Characterization of mouse flavin-containing monooxygenase transcript levels in lung and liver, and activity of expressed isoforms.

The significance of active versus inactive flavin-containing monooxygenase 2 (FMO2) for human drug and xenobiotic metabolism and sensitivity is unknown, but the underlying ethnic polymorphism is well documented. We used quantitative real-time PCR to measure message levels of Fmo1, Fmo2, Fmo3 and Fmo5 in lung and liver from eight strains of 8 week old female mice to determine if a strain could be identified that predominately expressed Fmo2 in lung, recapitulating the human FMO expression profile and being the ideal strain for Fmo2 knockout studies. We also characterized enzyme activity of baculovirus expressed mouse Fmo1, Fmo2 and Fmo3 to identify a substrate or incubation conditions capable of discriminating Fmo2 from Fmo mixtures. Fmo transcript expression patterns were similar for all strains. In lung, 59% of total FMO message was Fmo2, but Fmo1 levels were also high, averaging 34%, whereas Fmo3 and Fmo5 levels were 2 and 5%, respectively. In liver, Fmo1, Fmo2, Fmo3 and Fmo5 contributed 16, 1, 7 and 76% respectively, of detected message. Peak activity varied by isoform and was pH- and substrate-dependent.
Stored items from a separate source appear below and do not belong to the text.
(* Let $N\ge 2$ be an integer and write $N=2l+1$ or $N=2l+2$ with $l\ge 0$ an integer. Let $P_N(\zeta)=\prod_{n=1}^N(\zeta-\zeta_n)$ be a monic complex polynomial of degree $N$, and define the weighted symmetric functions $\Delta_n^N$ of its roots by \[ \binom{N}{n}\Delta_n^N=\sum_{1\le i_1<\dots<i_n\le N}\zeta_{i_1}\zeta_{i_2}\cdots\zeta_{i_n},\qquad 0\le n\le N, \] (so $\Delta_0^N=1$ and $P_N(\zeta)=\sum_{n=0}^N\binom{N}{n}\Delta_n^N\zeta^{N-n}$). Suppose that \[ |\Delta_{N-2}^N|=1\qquad\text{and}\qquad \Delta_n^N=\overline{\Delta_{N-2-n}^N}\,\Delta_{N-2}^N \] for all $1\le n\le l-1$ when $N=2l+1$, and for all $1\le n\le l$ when $N=2l+2$. Suppose moreover that none of the roots $\zeta_n$ lies on the unit circle $|\zeta|=1$. Then the number of roots of $P_N$ (counted with multiplicity) lying inside the unit circle is less than or equal to $1+N/2$.
   Context: $\overline{w}$ denotes complex conjugation. These relations amount to $N-2$ real conditions on the coefficients of $P_N$, giving a real $(N+2)$-dimensional family of degree $N$ polynomials. *)

theory Defs
  imports Complex_Main
begin

text \<open>Roots are given as a function z indexed by 1..N (repetitions = multiplicity).
  Weighted elementary symmetric function: (N choose n) * Delta N z n = e_n(z_1,...,z_N).\<close>
definition Delta :: "nat \<Rightarrow> (nat \<Rightarrow> complex) \<Rightarrow> nat \<Rightarrow> complex" where
  "Delta N z n = (\<Sum>S\<in>{S. S \<subseteq> {1..N} \<and> card S = n}. \<Prod>i\<in>S. z i) / of_nat (N choose n)"

end

theory Submission
  imports Defs "HOL-Analysis.Analysis"
begin

(*
  Write \<nu>_n = N - 2n - 2, a = N(N+2), b = 2(N+1), and pick c with c \<omega> = cnj c, where
  \<omega> = Delta N z (N-2). The trigonometric polynomial
    q(s) = c cis(-2s) \<Prod>_j (z_j cis(-s) + cis s) = \<Sum>_n c e_n(z) cis(\<nu>_n s)
  has a continuous logarithm whose imaginary part grows by 2\<pi>(2k - N - 2) over [0, 2\<pi>], k being
  the number of roots inside the unit circle. The hypotheses pair the terms n and N-2-n so that
  \<Sum>_n (a + b \<nu>_n + \<nu>_n^2) c e_n(z) cis(\<nu>_n s) is real; with Y = Im q this says that
  F = b Re q + Y' satisfies F' = a Y. Were the argument of q to grow by 2\<pi>, it would run from a
  multiple of \<pi> to the next one with Y of constant sign, say Y > 0. On that interval F is
  nondecreasing, yet F > 0 at its start (Re q > 0, Y' \<ge> 0) and F < 0 at its end (Re q < 0,
  Y' \<le> 0). Hence 2k - N - 2 < 1.
*)

section \<open>The argument of a solution of the second order equation\<close>

lemma IVT_first_hit:
  fixes f :: "real \<Rightarrow> real"
  assumes "a \<le> b" "f a \<le> y" "y \<le> f b" and cont: "continuous_on {a..b} f"
  obtains \<sigma> where "a \<le> \<sigma>" "\<sigma> \<le> b" "f \<sigma> = y" "\<And>t. a \<le> t \<Longrightarrow> t < \<sigma> \<Longrightarrow> f t < y"
proof -
  define S where "S = {t \<in> {a..b}. y \<le> f t}"
  have "closed S"
    unfolding S_def by (rule continuous_on_closed_Collect_le[OF continuous_on_const cont]) simp
  moreover have "b \<in> S" "bdd_below S"
    using assms(1,3) unfolding S_def by (auto intro: bdd_belowI[of _ a])
  ultimately have "Inf S \<in> S" and Inf_le: "\<And>t. t \<in> S \<Longrightarrow> Inf S \<le> t"
    by (auto intro: closed_contains_Inf cInf_lower)
  then have range: "a \<le> Inf S" "Inf S \<le> b" and "y \<le> f (Inf S)"
    unfolding S_def by auto
  obtain t where "a \<le> t" "t \<le> Inf S" "f t = y"
    using IVT'[OF assms(2) \<open>y \<le> f (Inf S)\<close> range(1)] continuous_on_subset[OF cont] range
    by auto
  moreover from this have "t \<in> S"
    using range unfolding S_def by auto
  ultimately have "f (Inf S) = y"
    using Inf_le by force
  moreover have "f t < y" if "a \<le> t" "t < Inf S" for t
    using Inf_le[of t] that range unfolding S_def by force
  ultimately show ?thesis
    using that range by blast
qed

lemma IVT_last_hit:
  fixes f :: "real \<Rightarrow> real"
  assumes "a \<le> b" "f a \<le> y" "y \<le> f b" and cont: "continuous_on {a..b} f"
  obtains \<tau> where "a \<le> \<tau>" "\<tau> \<le> b" "f \<tau> = y" "\<And>t. \<tau> < t \<Longrightarrow> t \<le> b \<Longrightarrow> y < f t"
proof -
  have "continuous_on {a..b} (\<lambda>t. - f (a + b - t))"
    by (intro continuous_intros continuous_on_compose2[OF cont]) auto
  then obtain \<sigma> where \<sigma>: "a \<le> \<sigma>" "\<sigma> \<le> b" "- f (a + b - \<sigma>) = - y"
    and lower: "\<And>t. a \<le> t \<Longrightarrow> t < \<sigma> \<Longrightarrow> - f (a + b - t) < - y"
    using IVT_first_hit[of a b "\<lambda>t. - f (a + b - t)" "- y"] assms by auto
  show ?thesis
  proof (rule that[of "a + b - \<sigma>"])
    show "y < f t" if "a + b - \<sigma> < t" "t \<le> b" for t
      using lower[of "a + b - t"] that by simp
  qed (use \<sigma> in auto)
qed

lemma IVT_crossing:
  fixes f :: "real \<Rightarrow> real"
  assumes "a \<le> b" "f a \<le> y\<^sub>1" "y\<^sub>1 < y\<^sub>2" "y\<^sub>2 \<le> f b" and cont: "continuous_on {a..b} f"
  obtains \<tau> \<sigma> where "a \<le> \<tau>" "\<tau> < \<sigma>" "\<sigma> \<le> b" "f \<tau> = y\<^sub>1" "f \<sigma> = y\<^sub>2"
    "\<And>t. \<tau> < t \<Longrightarrow> t < \<sigma> \<Longrightarrow> y\<^sub>1 < f t \<and> f t < y\<^sub>2"
proof -
  have "f a \<le> y\<^sub>2"
    using assms(2,3) by linarith
  then obtain \<sigma> where \<sigma>: "a \<le> \<sigma>" "\<sigma> \<le> b" "f \<sigma> = y\<^sub>2"
    and below: "\<And>t. a \<le> t \<Longrightarrow> t < \<sigma> \<Longrightarrow> f t < y\<^sub>2"
    using IVT_first_hit[OF \<open>a \<le> b\<close> _ \<open>y\<^sub>2 \<le> f b\<close> cont] by blast
  have "y\<^sub>1 \<le> f \<sigma>" "continuous_on {a..\<sigma>} f"
    using \<sigma> assms(3) continuous_on_subset[OF cont] by auto
  then obtain \<tau> where \<tau>: "a \<le> \<tau>" "\<tau> \<le> \<sigma>" "f \<tau> = y\<^sub>1"
    and above: "\<And>t. \<tau> < t \<Longrightarrow> t \<le> \<sigma> \<Longrightarrow> y\<^sub>1 < f t"
    using IVT_last_hit[of a \<sigma> f y\<^sub>1] \<sigma> assms(2) by blast
  have "\<tau> < \<sigma>"
    using \<tau> \<sigma> \<open>y\<^sub>1 < y\<^sub>2\<close> by (metis order_le_less order_less_irrefl)
  show ?thesis
  proof (rule that[of \<tau> \<sigma>])
    show "y\<^sub>1 < f t \<and> f t < y\<^sub>2" if "\<tau> < t" "t < \<sigma>" for t
      using above[of t] below[of t] that \<tau> by auto
  qed (use \<tau> \<sigma> \<open>\<tau> < \<sigma>\<close> in auto)
qed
Fmo3 oxidation of methyl p-tolyl sulfide was negligible at pH 9.5, but Fmo3 oxidation of methimazole was comparable to Fmo1 and Fmo2. Heating microsomes at 50 degrees C for 10min eliminated most Fmo1 and Fmo3 activity, while 94% of Fmo2 activity remained. Measurement of activity in heated and unheated lung and liver microsomes verified relative transcript abundance. Our results show that dual Fmo1/2 knockouts will be required to model the human lung FMO profile.